MODEL: AutoNeural, Decision Tree, DMine Regression, DMNeural, Ensemble, Gradient Boosting, LARS, MBR, Model Import, Neural Network, Partial Least Squares, Regression, Rule Induction, TwoStage

(Note how the Decision Tree image shows a tree structure, the neural network image shows a feed forward multilayer perceptron, and the Regression image shows a simple linear regression on a scatterplot of points.)

ASSESS: Cutoff, Decision, Model Comparison, Score, Segment Profile

(Note how the Score image shows a model, represented as a diamond, being applied to a data table and the Segment Profile image shows a magnifying glass taking a close look at the results of a Cluster analysis.)

So how does the SEMMA philosophy fit into the Analytics Life cycle? Sample, Explore, and Modify are used for the Data phase. Model (and sometimes Explore) is used in the Discovery phase. And Assess is used in the Deployment phase. It’s pretty straight forward! In the Data phase of the life cycle, we perform tasks such as merging and appending, exploring data graphically and with summary statistics, partitioning the data, and transforming and generating new inputs. All these tasks and more are found under the Sample, Explore, and Modify tabs in SAS Enterprise Miner. This is where data preprocessing takes place. The Discovery phase fits pretty obviously with the Model tab as that is the location in SAS Enterprise Miner to find supervised learning algorithms. But sometimes the Explore tabs is used for Discovery also. The Explore tab has tools for things like clustering, association analysis, and market basket analysis. Sometimes these applications are used for discovery if the goal of an analytics project is not supervised modeling. And the Deployment phase of the life cycle includes actions such as model comparison to pick a champion model and scoring new data. The tools for these actions are found under the Assess tab.

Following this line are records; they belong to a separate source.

lemma fcoeff_upd:
  assumes j: "j < \<alpha>"
  shows "fcoeff a \<alpha> j (\<rho>(j := s)) p
    = fcoeff a \<alpha> (Suc j) \<rho> p * fcoeff_step a \<alpha> j \<rho> p (p (j, s) + 1) / Ppr a j s p (p (j, s))"
proof -
  define r where "r = \<rho>(j := s)"
  have den: "(\<Prod>k\<in>{j..<\<alpha>}. Ppr a k (r k) p (p (k, r k)))
      = Ppr a j s p (p (j, s)) * (\<Prod>k\<in>{Suc j..<\<alpha>}. Ppr a k (\<rho> k) p (p (k, \<rho> k)))"
    using j by (simp add: prod.atLeast_Suc_lessThan r_def)
  show ?thesis
  proof (cases "Suc j < \<alpha>")
    case True
    have "(\<Prod>k\<in>{Suc j..<\<alpha>}. Ppr a k (r k) p (p (k - 1, r (k - 1)) + 1))
        = Ppr a (Suc j) (\<rho> (Suc j)) p (p (j, s) + 1)
          * (\<Prod>k\<in>{Suc (Suc j)..<\<alpha>}. Ppr a k (\<rho> k) p (p (k - 1, \<rho> (k - 1)) + 1))"
      using True by (subst prod.atLeast_Suc_lessThan) (auto simp: r_def intro!: prod.cong)
    moreover have "r (\<alpha> - 1) = \<rho> (\<alpha> - 1)" using True by (auto simp: r_def)
    ultimately show ?thesis
      using True j unfolding fcoeff_def fcoeff_step_def r_def[symmetric] den by (simp add: ac_simps)
  next
    case False
    then have "\<alpha> = Suc j" using j by simp
    then show ?thesis unfolding fcoeff_def fcoeff_step_def r_def[symmetric] den by (simp add: r_def)
  qed
qed

lemma pshift_tuple_upd:
  "j < \<alpha> \<Longrightarrow> pshift_tuple j \<alpha> (\<rho>(j := s)) p (l, u)
    = (if l = j then p (j, u) + (if u = s then 1 else 0) else pshift_tuple (Suc j) \<alpha> \<rho> p (l, u))"
  by (auto simp: pshift_tuple_at)

lemma pshift_tuple_below: "l \<le> j \<Longrightarrow> pshift_tuple (Suc j) \<alpha> \<rho> p (l, u) = p (l, u)"
  by (auto simp: pshift_tuple_at)

lemma ecoeff_upd:
  fixes \<rho> \<rho>' :: "nat \<Rightarrow> nat" and p :: pvar
  assumes j: "j < \<alpha>" "Suc j < \<beta>" "1 \<le> j"
  defines "v \<equiv> pshift_tuple (Suc j) \<alpha> \<rho> p (Suc j, \<rho>' (Suc j))"
  shows "\<exists>E. ecoeff Ds a \<beta> j (\<rho>'(j := s)) (pshift_tuple j \<alpha> (\<rho>(j := s)) p)
        = E * Pp a (j - 1) p (p (j, s)) * Ppr a j s p (v - 1) * Zf Ds j (p (j, s) + 1)
          / Ppr a j s p (p (j, s) + 1)
      \<and> ecoeff Ds a \<beta> (Suc j) \<rho>' (pshift_tuple (Suc j) \<alpha> \<rho> p) = E * Pp a j p (v - 1)"
proof -
  define p1 where "p1 = pshift_tuple j \<alpha> (\<rho>(j := s)) p"
  define p2 where "p2 = pshift_tuple (Suc j) \<alpha> \<rho> p"
  define r' where "r' = \<rho>'(j := s)"
  have p1: "p1 (l, u) = (if l = j then p (j, u) + (if u = s then 1 else 0) else p2 (l, u))" for l u
    unfolding p1_def p2_def using j(1) by (rule pshift_tuple_upd)
  define En where "En = (\<Prod>k\<in>{Suc j..<\<beta> - 1}. Ppr a k (\<rho>' k) p2 (p2 (k + 1, \<rho>' (k + 1)) - 1))"
  define Ed where "Ed = (\<Prod>k\<in>{Suc j..<\<beta>}. Ppr a k (\<rho>' k) p2 (p2 (k, \<rho>' k)))"
  define EZ where "EZ = (\<Prod>k\<in>{Suc j..<\<beta>}. Zf Ds k (p2 (k, \<rho>' k)))"
  have N: "(\<Prod>k\<in>{j..<\<beta> - 1}. Ppr a k (r' k) p1 (p1 (k + 1, r' (k + 1)) - 1)) = Ppr a j s p (v - 1) * En"
    unfolding En_def v_def p2_def[symmetric] using j
    by (subst prod.atLeast_Suc_lessThan)
      (auto simp: r'_def p1 intro!: prod.cong Ppr_cong arg_cong2[where f = "(*)"])
  have D: "(\<Prod>k\<in>{j..<\<beta>}. Ppr a k (r' k) p1 (p1 (k, r' k))) = Ppr a j s p (p (j, s) + 1) * Ed"
    unfolding Ed_def using j
    by (subst prod.atLeast_Suc_lessThan)
      (auto simp: r'_def p1 intro!: prod.cong Ppr_cong arg_cong2[where f = "(*)"])
  have Z: "(\<Prod>k\<in>{j..<\<beta>}. Zf Ds k (p1 (k, r' k))) = Zf Ds j (p (j, s) + 1) * EZ"
    unfolding EZ_def using j
    by (subst prod.atLeast_Suc_lessThan) (auto simp: r'_def p1 intro!: prod.cong)
  have P: "Pp a (j - 1) p1 (p1 (j, r' j) - 1) = Pp a (j - 1) p (p (j, s))"
    using j by (auto simp: r'_def p1 p2_def pshift_tuple_below intro!: Pp_cong)
  have "ecoeff Ds a \<beta> j r' p1 = - (Pp a (j - 1) p (p (j, s)) * (Ppr a j s p (v - 1) * En))
      / (Ppr a j s p (p (j, s) + 1) * Ed) * (Zf Ds j (p (j, s) + 1) * EZ)"
    unfolding ecoeff_def using j by (simp only: N D Z P if_True) simp
  moreover have "ecoeff Ds a \<beta> (Suc j) \<rho>' p2 = - (Pp a j p (v - 1) * En) / Ed * EZ"
  proof -
    have "Pp a j p2 (v - 1) = Pp a j p (v - 1)"
      unfolding p2_def by (rule Pp_cong) (simp add: pshift_tuple_below)
    then show ?thesis
      unfolding ecoeff_def En_def Ed_def EZ_def v_def p2_def[symmetric] using j by simp
  qed
  ultimately show ?thesis
    unfolding p1_def p2_def r'_def by (intro exI[of _ "- En / Ed * EZ"]) (simp add: field_simps)
qed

To use these tools in a pipeline, the user simply drags and drops them into the diagram area and then manually connects them to build a process flow. I’ll cover more details on this process in another post.

Model Studio: Nodes Pane

For Model Studio, first I want to say that I’ll focus only on models built using SAS Visual Data Mining and Machine Learning (VDMML). Projects built using VDMML are the ones most closely related to SAS Enterprise Miner, especially when the extra add-ons are not licensed for SAS Enterprise Miner. I’ll save any discussion of SAS Visual Text Analytics and SAS Visual Forecasting for another post. Model Studio uses a similar philosophy to model building compared to SAS Enterprise Miner but it is a bit more simplified. First terminology: Model Studio refers to the individual tools as nodes. Rather than the 5-part SEMMA process that SAS Enterprise Miner uses, Model Studio has nodes arranged into just 4 groups, and one of those groups contains just a single node. Although the nodes in Model Studio are available directly within a pipeline (for example by right-clicking a node), I’ll show and discuss them as they are available in the nodes pane. The nodes pane is available to the left of any pipeline and is opened by clicking on the Nodes short-cut button.

Before describing how these four groupings of nodes fit into the Analytics Lifecycle, let’s see a complete list of nodes that each group contains. Just as above, I won’t describe each node here, so if you want to see a description of them, check the Model Studio product documentation.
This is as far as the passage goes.